[[ DATASET, beginning ]]

lemma rectangle_locus_eq_half_diag_sq:
  "rectangle_locus L1 L3 L2 L4 = {p. half_diag_sq L1 L3 p \<inter> half_diag_sq L2 L4 p \<noteq> {}}"
proof -
  have "p \<in> rectangle_locus L1 L3 L2 L4 \<longleftrightarrow>
      (\<exists>w u. p + w \<in> L1 \<and> p - w \<in> L3 \<and> p + u \<in> L2 \<and> p - u \<in> L4 \<and> (norm w)\<^sup>2 = (norm u)\<^sup>2)"
    for p
  proof
    assume "p \<in> rectangle_locus L1 L3 L2 L4"
    then obtain a1 a3 b2 b4 where in_lines: "a1 \<in> L1" "a3 \<in> L3" "b2 \<in> L2" "b4 \<in> L4"
      and mid: "p = midpoint a1 a3" "p = midpoint b2 b4" and "dist a1 a3 = dist b2 b4"
      unfolding rectangle_locus_def by blast
    have a3: "a3 = p - (a1 - p)" and b4: "b4 = p - (b2 - p)"
      using midpoint_eq_imp_reflection[OF mid(1)] midpoint_eq_imp_reflection[OF mid(2)] .
    have "p + (a1 - p) \<in> L1" "p - (a1 - p) \<in> L3" "p + (b2 - p) \<in> L2" "p - (b2 - p) \<in> L4"
      using in_lines by (simp_all flip: a3 b4)
    moreover have "(norm (a1 - p))\<^sup>2 = (norm (b2 - p))\<^sup>2"
      using \<open>dist a1 a3 = dist b2 b4\<close> dist_plus_minus[of p "a1 - p"] dist_plus_minus[of p "b2 - p"]
      by (simp flip: a3 b4)
    ultimately
    show "\<exists>w u. p + w \<in> L1 \<and> p - w \<in> L3 \<and> p + u \<in> L2 \<and> p - u \<in> L4 \<and> (norm w)\<^sup>2 = (norm u)\<^sup>2"
      by blast
  next
    assume "\<exists>w u. p + w \<in> L1 \<and> p - w \<in> L3 \<and> p + u \<in> L2 \<and> p - u \<in> L4 \<and> (norm w)\<^sup>2 = (norm u)\<^sup>2"
    then obtain w u where "p + w \<in> L1" "p - w \<in> L3" "p + u \<in> L2" "p - u \<in> L4"
      and "(norm w)\<^sup>2 = (norm u)\<^sup>2" by blast
    moreover from this have "dist (p + w) (p - w) = dist (p + u) (p - u)"
      by (simp add: dist_plus_minus power2_eq_iff_nonneg)
    moreover have "p = midpoint (p + w) (p - w)" "p = midpoint (p + u) (p - u)" by simp_all
    ultimately show "p \<in> rectangle_locus L1 L3 L2 L4"
      unfolding rectangle_locus_def by blast
  qed
  then show ?thesis
    unfolding half_diag_sq_def by blast
qed
(* Let $\mathsf{Op}$ be an operational theory and $\widetilde{\mathsf{Op}}$ its associated GPT, with quotient map $\sim:\mathsf{Op}\to\widetilde{\mathsf{Op}}$, $T\mapsto\widetilde T$. Then there is a one-to-one correspondence between noncontextual ontological models $\xi_{\mathrm{nc}}:\mathsf{Op}\to\mathbf{SubStoch}$ of $\mathsf{Op}$ and ontological models $\widetilde\xi:\widetilde{\mathsf{Op}}\to\mathbf{SubStoch}$ of $\widetilde{\mathsf{Op}}$, given by $\widetilde\xi\mapsto\widetilde\xi\circ\sim$ (with inverse $\xi_{\mathrm{nc}}\mapsto$ the map $\widetilde T\mapsto\xi_{\mathrm{nc}}(T)$ for any representative $T$ of $\widetilde T$).
   Context: A process theory consists of systems (closed under a composition $A\otimes B$, with a trivial system $I$) and processes $T:A\to B$, closed under sequential composition $\circ$ and parallel composition $\otimes$ and containing identities; processes $I\to A$ are states (preparations), $A\to I$ effects, $I\to I$ closed diagrams. An operational theory is a process theory $\mathsf{Op}$ (whose processes are laboratory procedures) together with a probability rule $p$ assigning to each closed diagram $D$ a number $p(D)\in[0,1]$, with $p(D_1\otimes D_2)=p(D_1)p(D_2)$. A tester for type $A\to B$ is a triple $\tau=(s,e,W)$ of a system $W$, a process $s:I\to A\otimes W$ and a process $e:B\otimes W\to I$; write $\tau[T]:=e\circ(T\otimes\mathrm{id}_W)\circ s$. Processes $T,T':A\to B$ are operationally equivalent, $T\simeq T'$, iff $p(\tau[T])=p(\tau[T'])$ for all testers $\tau$. Standing assumptions: for any processes $T_2,T_3$ of the same type and $\omega\in[0,1]$ there is a process $T_1$ (their mixture with weights $\omega,1-\omega$) with $p(\tau[T_1])=\omega p(\tau[T_2])+(1-\omega)p(\tau[T_3])$ for all testers $\tau$; if an effect $E_1$ is the coarse-graining of effects $E_2,E_3$ then $p(E_1\circ P)=p(E_2\circ P)+p(E_3\circ P)$ for all states $P$; all deterministic effects on a system (implement a measurement and ignore its outcome) are operationally equivalent; and (finite tomography) for each type $A\to B$ there are finitely many testers $\tau_1,\dots,\tau_m$ with $T\simeq T'$ iff $p(\tau_\alpha[T])=p(\tau_\alpha[T'])$ for all $\alpha$. The associated GPT $\widetilde{\mathsf{Op}}$ has the same systems, and its processes are the equivalence classes $\widetilde T$ of $\simeq$, composed via representatives ($\widetilde R\circ\widetilde T:=\widetilde{R\circ T}$, $\widetilde R\otimes\widetilde T:=\widetilde{R\otimes T}$); the quotient map $\sim$ is diagram-preserving, and closed diagrams are identified with their probabilities. Each $\widetilde T$ of type $A\to B$ is identified with the vector $(p(\tau_\alpha[T]))_\alpha\in\mathbb{R}^m$, which gives meaning to linear combinations of equivalence classes; if $T_1$ is a mixture of $T_2,T_3$ with weights $\omega,1-\omega$ then $\widetilde T_1=\omega\widetilde T_2+(1-\omega)\widetilde T_3$. The common class of deterministic effects on $A$ is denoted $u_A$. $\mathbf{SubStoch}$ is the process theory whose systems are spaces $\mathbb{R}^\Lambda$ of real functions on finite sets $\Lambda$ (with $\mathbb{R}^{\Lambda}\otimes\mathbb{R}^{\Lambda'}=\mathbb{R}^{\Lambda\times\Lambda'}$, trivial system $\mathbb{R}$), and whose processes are substochastic maps (linear maps with matrix $f(\lambda'|\lambda)\in[0,1]$, $\sum_{\lambda'}f(\lambda'|\lambda)\le1$), composed by composition and tensor product of maps; $\mathbf{1}_\Lambda$ denotes the all-ones covector $v\mapsto\sum_\lambda v(\lambda)$. A map $\xi$ from a process theory to $\mathbf{SubStoch}$ is diagram-preserving if it sends each system $A$ to some $\mathbb{R}^{\Lambda_A}$ with $A\otimes B\mapsto\mathbb{R}^{\Lambda_A}\otimes\mathbb{R}^{\Lambda_B}$, $I\mapsto\mathbb{R}$, and each process $A\to B$ to a substochastic map $\mathbb{R}^{\Lambda_A}\to\mathbb{R}^{\Lambda_B}$, preserving $\circ$, $\otimes$ and identities. An ontological model of $\mathsf{Op}$ is a diagram-preserving $\xi:\mathsf{Op}\to\mathbf{SubStoch}$ such that (1) every deterministic effect on $A$ is mapped to $\mathbf{1}_{\Lambda_A}$; (2) $\xi(D)=p(D)$ for every closed diagram $D$; (3) if $T_1$ is a mixture of $T_2,T_3$ with weights $\omega,1-\omega$ then $\xi(T_1)=\omega\xi(T_2)+(1-\omega)\xi(T_3)$, and if an effect is the coarse-graining of effects its image is the sum of their images. It is noncontextual if $T\simeq T'$ implies $\xi(T)=\xi(T')$. An ontological model of $\widetilde{\mathsf{Op}}$ is a diagram-preserving $\widetilde\xi:\widetilde{\mathsf{Op}}\to\mathbf{SubStoch}$ such that (1) $\widetilde\xi(u_A)=\mathbf{1}_{\Lambda_A}$; (2) $\widetilde\xi$ maps every closed diagram to its probability; (3) whenever $\widetilde T_1=\omega\widetilde T_2+(1-\omega)\widetilde T_3$ then $\widetilde\xi(\widetilde T_1)=\omega\widetilde\xi(\widetilde T_2)+(1-\omega)\widetilde\xi(\widetilde T_3)$, and likewise coarse-graining relations among effects are preserved. *)

theory Defs
  imports Complex_Main
begin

[[ DATASET, end ]]

EXERCISE PROMPT
Extract every line of the records above that contains the word "flip".

EXERCISE SOLUTION
      using in_lines by (simp_all flip: a3 b4)
      by (simp flip: a3 b4)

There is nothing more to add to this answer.